Our night of musical exploration is wrapped up with a sultry performance by Chicago rapper LA VanGogh. A couple audience members sitting next to me get up to join him, embodying Sofar’s belief that everyone there is present to enjoy the music. VanGogh’s onstage presence is entertaining and conversational, a fact that he himself notes with ‘I should get into stand-up.’ He points out how, as with every act, the audience greets him with energy and enthusiasm, ready for his take on the up-and-coming Chicago music scene. The first song, Where Are You Now?, features VanGogh accompanied by two soulful vocalists, setting a mellow and moody sound for their act. He then abruptly breaks into a clever, original rap as varied and compelling as the members of the band backing him up, their synergy keeping with the groove of the night’s other acts.

LA VanGogh’s charisma shines through as he explores with vulnerability and thoughtfulness the thorniest of issues: mental health, student debt, addiction. His deft wordplay and fluid rhythm keep the audience rapt as he punctuates heavy emotional content with jokes on the audience, his bandmates, and most often, himself. His freewheeling style is apparent as he casually breaks into a sensual cover of Nelly’s club anthem Ride Wit Me, much to the crowd’s excitement as they chant along to the well-known verse ‘Hey, must be the money!’ Although it’s a combination 

that has us anxiously in suspense, there remain a general consistency and confidence in his act that makes it clear he and his motley group are each seasoned performers in their own right.

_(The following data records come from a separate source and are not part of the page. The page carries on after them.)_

(* Let $Par^{bal}(k)$ denote the subspace of the partition algebra $Par(n,k)$ spanned by the balanced set partitions. Then: (1) $Par^{bal}(k)$ is a subalgebra of $Par(n,k)$; (2) for any $n,m$, the identification of these subspaces of $Par(n,k)$ and $Par(m,k)$ via the common basis of balanced set partitions is an isomorphism of algebras; (3) the action of $Par(n,k)$ on $V^{\otimes k}$ restricts to a $T\rtimes S_n$-equivariant action of $Par^{bal}(k)$, and the resulting algebra homomorphism $Par^{bal}(k)\to\mathrm{End}_{T\rtimes S_n}(V^{\otimes k})$ is surjective for all $n$ and $k$, and is an isomorphism whenever $n\ge k$.
   Context: $V=\mathbb{C}^n$ is the defining representation of $GL_n(\mathbb{C})$ with standard basis $x_1,\dots,x_n$, restricted to $T\rtimes S_n$, where $T$ is the diagonal torus and $S_n$ the permutation matrices. The partition algebra $Par(n,k)$ has basis the set partitions $d$ of $\{1,\dots,k\}\cup\{1',\dots,k'\}$; the product $d_1d_2$ is obtained by stacking the diagrams (identifying the primed vertices of one with the unprimed vertices of the other), taking the induced set partition of the outer vertices, and multiplying by $n^{c}$ where $c$ is the number of connected components lying entirely in the middle row. $Par(n,k)$ acts $S_n$-equivariantly on $V^{\otimes k}$ by letting $d$ send $x_{j_1}\otimes\dots\otimes x_{j_k}$ to $\sum x_{i_1}\otimes\dots\otimes x_{i_k}$, summed over all $(i_1,\dots,i_k)$ such that for any two vertices in the same block of $d$ the corresponding indices (with $i_r$ attached to vertex $r$ and $j_r$ to vertex $r'$) are equal. A set partition of $\{1,\dots,k\}\cup\{1',\dots,k'\}$ is balanced if each block $B$ satisfies $|B\cap\{1,\dots,k\}|=|B\cap\{1',\dots,k'\}|$. *)

theory Defs
  imports Complex_Main "HOL-Library.Disjoint_Sets" "HOL-Combinatorics.Permutations"
begin
definition param_dom :: "nat \<Rightarrow> (nat \<Rightarrow> int) set \<Rightarrow> ((nat \<Rightarrow> int) \<Rightarrow> real) \<Rightarrow> real \<Rightarrow> (nat \<Rightarrow> real) set" where
  "param_dom d St w delta = {\<theta>. \<theta> 0 \<in> {-pi<..pi} \<and>
       (\<exists>v\<in>Gam d St w. \<forall>j\<in>{1..d}. \<bar>\<theta> j - Arg (v j)\<bar> < delta)}"

text \<open>The integral (1/(2 pi i)^(d+1)) int_{N x C^out} G/H dz dt / (z_1...z_d t)^(n+1),
  with eps = n^(-alpha), delta = n^(-beta), |t| = (1+gamma)/S(1); written through the
  standard parametrisation dz_j = i z_j d theta_j, dt = i t d phi.\<close>
definition the_integral :: "nat \<Rightarrow> (nat \<Rightarrow> int) set \<Rightarrow> ((nat \<Rightarrow> int) \<Rightarrow> real) \<Rightarrow> real \<Rightarrow> real \<Rightarrow> real \<Rightarrow> nat \<Rightarrow> complex" where
  "the_integral d St w \<alpha> \<beta> \<gamma> n =
     (let eps = real n powr (-\<alpha>); delta = real n powr (-\<beta>);
          R = (1 + \<gamma>) / S1 St w
      in (1 / (2 * pi * \<i>) ^ (d + 1)) *
         (LINT \<theta> : param_dom d St w delta | PiM {0..d} (\<lambda>_. lborel).
            (let z = zpt d eps \<theta>; t = complex_of_real R * cis (\<theta> 0)
             in Gfun d St w z t / Hfun d St w z t / (zprod d z * t) ^ (n + 1)
                * (\<Prod>j\<in>{1..d}. \<i> * z j) * (\<i> * t))))"

end

theory Submission
  imports Defs "HOL-Real_Asymp.Real_Asymp"
begin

Upon talking to crowd members after the performances, longtime attendees agree that Champaign’s concert was a worthy addition to the canon of Sofar shows happening all over the world that night, 384 in total. I’m struck by how open-minded the concertgoers are while acknowledging that artists focusing on gritty bluegrass or Chicago-style rap may not be the first in their playlists, they can still appreciate a good performance when they see one. With no prior knowledge of who was going to be playing, they trusted the Sofar team to introduce them to three diverse, innovative acts that they couldn’t wait to hear more from—given the riotous applause at the end of the night, it looks like they delivered in full.